The symptoms of walking pneumonia are less severe versions of the symptoms of pneumonia. These include:

  • Cough, which may produce mucus or blood
  • Shortness of breath
  • Fever and chills
  • Chest pain
  • Fatigue
  • Headache
  • Nausea

Walking pneumonia is milder than other forms of pneumonia, however it can still be a fairly severe illness. Even if you’re not bedridden, you should try to take it easy to let your body recover from pneumonia. 

For most people, the symptoms of walking pneumonia will begin to subside within five days. However, the cough can last for weeks after you have recovered. As long as your cough isn’t getting worse, you shouldn’t be concerned if it sticks around for a while. 

Causes

Walking pneumonia can be caused by the bacteria mycoplasma pneumoniae or other types of bacteria and viruses. At first, after coming into contact with the bacteria, you might experience the symptoms of a chest cold or respiratory infection. However, with time it can progress to pneumonia. 

Mycoplasma pneumoniae is spread through the air. When a person who is infected with the bacteria coughs or sneezes, they can spread microscopic droplets that contain the virus. If you breathe those in, you may become infected.

Since mycoplasma pneumoniae is spread through close contact, outbreaks in areas where people live together—including dorms, prisons, and nursing homes—can occur.

Diagnosis

Walking pneumonia is diagnosed the same way as other forms of pneumonia: through physical examination and imaging.

If you’re experiencing symptoms of pneumonia, you should see a healthcare provider, who will begin by talking to you about your symptoms and listen to your lungs for signs of fluid buildup. 

The healthcare provider might also use imaging of your lungs—including a chest X-ray—to diagnose pneumonia.

Treatment

Since walking pneumonia is caused by bacteria and viruses, it can be treated with antibiotics. Because of that, you should reach out to a healthcare provider if you believe that you might have walking pneumonia. 

Although antibiotics will help address the infection, you’ll also want to treat your symptoms at home. Follow these pointers for treating your walking pneumonia at home:

  • Take it easy. Getting plenty of rest will help your body to recover. 
  • Drink lots of fluids. Staying hydrated will help keep the mucus in your lungs thin, making it easier to cough up. 
  • Treat your fever. Using nonsteroidal anti-inflammatory pain medications (NSAIDs) like ibuprofen can help bring your fever down and make you more comfortable. 
  • Talk with your healthcare provider about cough medicine. Coughing can be annoying and uncomfortable, but it’s an important response that helps your body clear fluid or mucus from your lungs.
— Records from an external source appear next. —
lemma disp_take_blocks:
  assumes "length A = N" "length B\<^sub>1 = N" "length B\<^sub>2 = N" "r \<le> N"
  shows "disp (take (Suc N + r) (A @ c\<^sub>1 # B\<^sub>1 @ c\<^sub>2 # B\<^sub>2 @ c\<^sub>3 # B\<^sub>3)) =
           disp A + step c\<^sub>1 + disp (take r B\<^sub>1)"
    and "disp (take (2 * Suc N + r) (A @ c\<^sub>1 # B\<^sub>1 @ c\<^sub>2 # B\<^sub>2 @ c\<^sub>3 # B\<^sub>3)) =
           disp A + step c\<^sub>1 + disp B\<^sub>1 + step c\<^sub>2 + disp (take r B\<^sub>2)"
    and "disp (take (3 * Suc N + r) (A @ c\<^sub>1 # B\<^sub>1 @ c\<^sub>2 # B\<^sub>2 @ c\<^sub>3 # B\<^sub>3)) =
           disp A + step c\<^sub>1 + disp B\<^sub>1 + step c\<^sub>2 + disp B\<^sub>2 + step c\<^sub>3 + disp (take r B\<^sub>3)"
  using assms by (simp_all add: take_Cons' add.assoc)

lemma hpos_blocks:
  assumes "r < 4 ^ k"
  shows "hpos (4 ^ k + r) =
           (if even k then (snd (hpos r), 2 ^ k + fst (hpos r))
            else (2 ^ k + snd (hpos r), fst (hpos r)))" (is ?first)
    and "hpos (2 * 4 ^ k + r) = (2 ^ k + snd (hpos r), 2 ^ k + fst (hpos r))" (is ?second)
    and "hpos (3 * 4 ^ k + r) =
           (if even k then (2 * 2 ^ k - 1 - fst (hpos r), 2 ^ k - 1 - snd (hpos r))
            else (2 ^ k - 1 - fst (hpos r), 2 * 2 ^ k - 1 - snd (hpos r)))" (is ?third)
proof -
  define A where "A = hilbA k"
  define N where "N = length A"
  have N: "4 ^ k = Suc N" by (simp add: N_def A_def Suc_length_hilbA)
  have r: "r \<le> N" using assms N by simp
  obtain c\<^sub>1 c\<^sub>2 c\<^sub>3 where
    shape: "hilbA (Suc k) = A @ c\<^sub>1 # map tD A @ c\<^sub>2 # map tD A @ c\<^sub>3 # map tH A" and
    c: "(c\<^sub>1, c\<^sub>2, c\<^sub>3) = (if even k then (U, R, D) else (R, U, L))"
    by (cases "even k") (simp_all add: A_def)
  have hpos_block: "hpos (d * Suc N + r) = disp (take (d * Suc N + r) (hilbA (Suc k)))"
    if "d \<le> 3" for d
  proof (rule hpos_eq_disp_take)
    have "d * Suc N \<le> 3 * Suc N" using that by (rule mult_le_mono1)
    then show "d * Suc N + r \<le> length (hilbA (Suc k))" using r by (simp add: N_def A_def)
  qed
  have "hpos r = disp (take r A)" using r by (simp add: hpos_eq_disp_take N_def A_def)
  then have "disp (take r (map tD A)) = prod.swap (hpos r)" "disp (take r (map tH A)) = - hpos r"
    by (simp_all add: take_map)
  then have "hpos (Suc N + r) = disp A + step c\<^sub>1 + prod.swap (hpos r)"
    "hpos (2 * Suc N + r) = disp A + step c\<^sub>1 + prod.swap (disp A) + step c\<^sub>2 + prod.swap (hpos r)"
    "hpos (3 * Suc N + r) =
       disp A + step c\<^sub>1 + prod.swap (disp A) + step c\<^sub>2 + prod.swap (disp A) + step c\<^sub>3 - hpos r"
    using hpos_block[of 1] hpos_block[of 2] hpos_block[of 3]
      disp_take_blocks[OF _ _ _ r, of A "map tD A" "map tD A"]
    unfolding shape by (simp_all add: N_def)
  with c disp_hilbA[of k] show ?first ?second ?third
    unfolding N A_def by (auto simp: prod_eq_iff split: if_splits)
qed

definition col5 :: "int \<Rightarrow> int \<Rightarrow> int \<Rightarrow> int \<Rightarrow> int \<Rightarrow> int mat" where
  "col5 a b c d e = mat_of_rows_list 1 [[a], [b], [c], [d], [e]]"

lemma col5_carrier: "col5 a b c d e \<in> carrier_mat 5 1"
  by (simp add: col5_def mat_of_rows_list_def numeral_eq_Suc)

lemma col5_eq_iff [simp]:
  "col5 a b c d e = col5 a' b' c' d' e' \<longleftrightarrow> a = a' \<and> b = b' \<and> c = c' \<and> d = d' \<and> e = e'"
proof
  assume "col5 a b c d e = col5 a' b' c' d' e'"
  then have "col5 a b c d e $$ (i, 0) = col5 a' b' c' d' e' $$ (i, 0)" for i by simp
  from this[of 0] this[of 1] this[of 2] this[of 3] this[of 4]
  show "a = a' \<and> b = b' \<and> c = c' \<and> d = d' \<and> e = e'"
    by (simp add: col5_def mat_of_rows_list_def numeral_eq_Suc)
qed simp

lemma mat5_mult_col5:
  "mat_of_rows_list 5 [[a00, a01, a02, a03, a04], [a10, a11, a12, a13, a14],
     [a20, a21, a22, a23, a24], [a30, a31, a32, a33, a34], [a40, a41, a42, a43, a44]] *
   col5 f0 f1 f2 f3 f4 =
   col5 (a00 * f0 + a01 * f1 + a02 * f2 + a03 * f3 + a04 * f4)
        (a10 * f0 + a11 * f1 + a12 * f2 + a13 * f3 + a14 * f4)
        (a20 * f0 + a21 * f1 + a22 * f2 + a23 * f3 + a24 * f4)
        (a30 * f0 + a31 * f1 + a32 * f2 + a33 * f3 + a34 * f4)
        (a40 * f0 + a41 * f1 + a42 * f2 + a43 * f3 + a44 * f4)"
  unfolding col5_def
  by (rule eq_matI)
    (auto simp: mat_of_rows_list_def numeral_eq_Suc scalar_prod_def less_Suc_eq
      atLeast0_lessThan_Suc algebra_simps)

text \<open>Rows 0 and 4 of every gamma(d) are (0,0,0,0,-4) and (0,1,1,1,1), and rows 1 to 3 sum to
  (1,0,0,0,4). As entries 1 to 3 of the column below sum to b, this forces the recurrence.\<close>

fun hcoef :: "nat \<Rightarrow> int \<times> int \<times> int" where
  "hcoef 0 = (1, 0, 0)"
| "hcoef (Suc k) = (case hcoef k of (a, b, c) \<Rightarrow> (- 4 * c, a + 4 * c, b + c))"

lemma hcoef_closed_form:
  assumes "hcoef k = (a, b, c)"
  shows "3 * a = (if even k then 4 - 2 ^ k else 4 - 2 * 2 ^ k) \<and>
         2 * b = (if even k then 0 else 2 ^ k) \<and>
         6 * c = (if even k then 2 * 2 ^ k - 2 else 2 ^ k - 2)"
  using assms
proof (induction k arbitrary: a b c)
  case (Suc k)
  obtain a' b' c' where "hcoef k = (a', b', c')" by (metis prod.exhaust)
  with Suc show ?case by (auto split: if_splits)
qed simp_all

definition hcol :: "nat \<Rightarrow> nat \<Rightarrow> int mat" where
  "hcol k r = (case (hcoef k, hpos r) of ((a, b, c), (x, y)) \<Rightarrow> col5 a (b - y) (y - x) x c)"

lemma hgamma_mult_hcol:
  assumes "d < 4" "r < 4 ^ k"
  shows "hgamma d * hcol k r = hcol (Suc k) (d * 4 ^ k + r)"
proof -
  obtain a b c where abc: "hcoef k = (a, b, c)" by (metis prod.exhaust)
  obtain x y where xy: "hpos r = (x, y)" by (metis prod.exhaust)
  have hgamma_numerals: "hgamma 1 = hgamma (Suc 0)" "hgamma 2 = hgamma (Suc (Suc 0))"
    "hgamma 3 = hgamma (Suc (Suc (Suc 0)))" by (simp_all add: numeral_eq_Suc)
  note defs = hcol_def abc xy hpos_blocks[OF assms(2)] mat5_mult_col5 hgamma_numerals
  from assms(1) consider "d = 0" | "d = 1" | "d = 2" | "d = 3" by linarith
  then show ?thesis
    using hcoef_closed_form[OF abc]
    by cases (cases "even k"; simp add: defs; linarith)+
qed

fun digits4 :: "nat \<Rightarrow> nat \<Rightarrow> nat list" where
  "digits4 0 r = []"
| "digits4 (Suc k) r = digits4 k (r div 4) @ [r mod 4]"

lemma digits4_Suc_msd:
  assumes "d < 4" "r < 4 ^ k"
  shows "digits4 (Suc k) (d * 4 ^ k + r) = d # digits4 k r"
  using assms(2)
proof (induction k arbitrary: r)
  case (Suc k)
  have "r div 4 < 4 ^ k" using Suc.prems by (simp add: less_mult_imp_div_less mult.commute)
  have "digits4 (Suc (Suc k)) (d * 4 ^ Suc k + r) =
          digits4 (Suc k) (d * 4 ^ k + r div 4) @ [r mod 4]"
    by (subst digits4.simps(2)) (simp add: mult.left_commute[of d] del: digits4.simps)
  also have "\<dots> = d # digits4 k (r div 4) @ [r mod 4]"
    using Suc.IH[OF \<open>r div 4 < 4 ^ k\<close>] by simp
  finally show ?case by simp
qed (use assms(1) in simp)

lemma base4_0 [simp]: "base4 0 = []"
  by simp

lemma base4_pos: "0 < n \<Longrightarrow> base4 n = base4 (n div 4) @ [n mod 4]"
  by simp

declare base4.simps [simp del]

lemma base4_eq_digits4: "base4 n = digits4 (length (base4 n)) n"
proof (induction n rule: base4.induct)
  case (1 n)
  then show ?case by (cases "n = 0") (simp_all add: base4_pos)
qed

lemma less_4_pow_length_base4: "n < 4 ^ length (base4 n)"
proof (induction n rule: base4.induct)
  case (1 n)
  then show ?case by (cases "n = 0") (simp_all add: base4_pos div_less_iff_less_mult)
qed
Because of that, your practitioner might want you to forgo cough medicine or use it only at night. 

The Importance of Rest

Remember, although you may not be bedridden with walking pneumonia, it’s still a serious condition. Give yourself time to heal, remembering that the worst symptoms of walking pneumonia can take up to five days to begin letting up. The cough could last even longer, so be patient with your recovery. 

Prognosis

In general, pneumonia is a treatable condition. Walking pneumonia is even more treatable since it’s a mild form of pneumonia. Almost all people with walking pneumonia will make a full recovery, although it can take weeks for a cough to disappear entirely in some cases.

Most people with walking pneumonia begin to feel much better within a week or two. If you’ve been prescribed antibiotics, be sure to take them all, even if your symptoms begin to go away. Finishing the full course of antibiotics will help ensure that your pneumonia doesn’t come back in a more severe form. 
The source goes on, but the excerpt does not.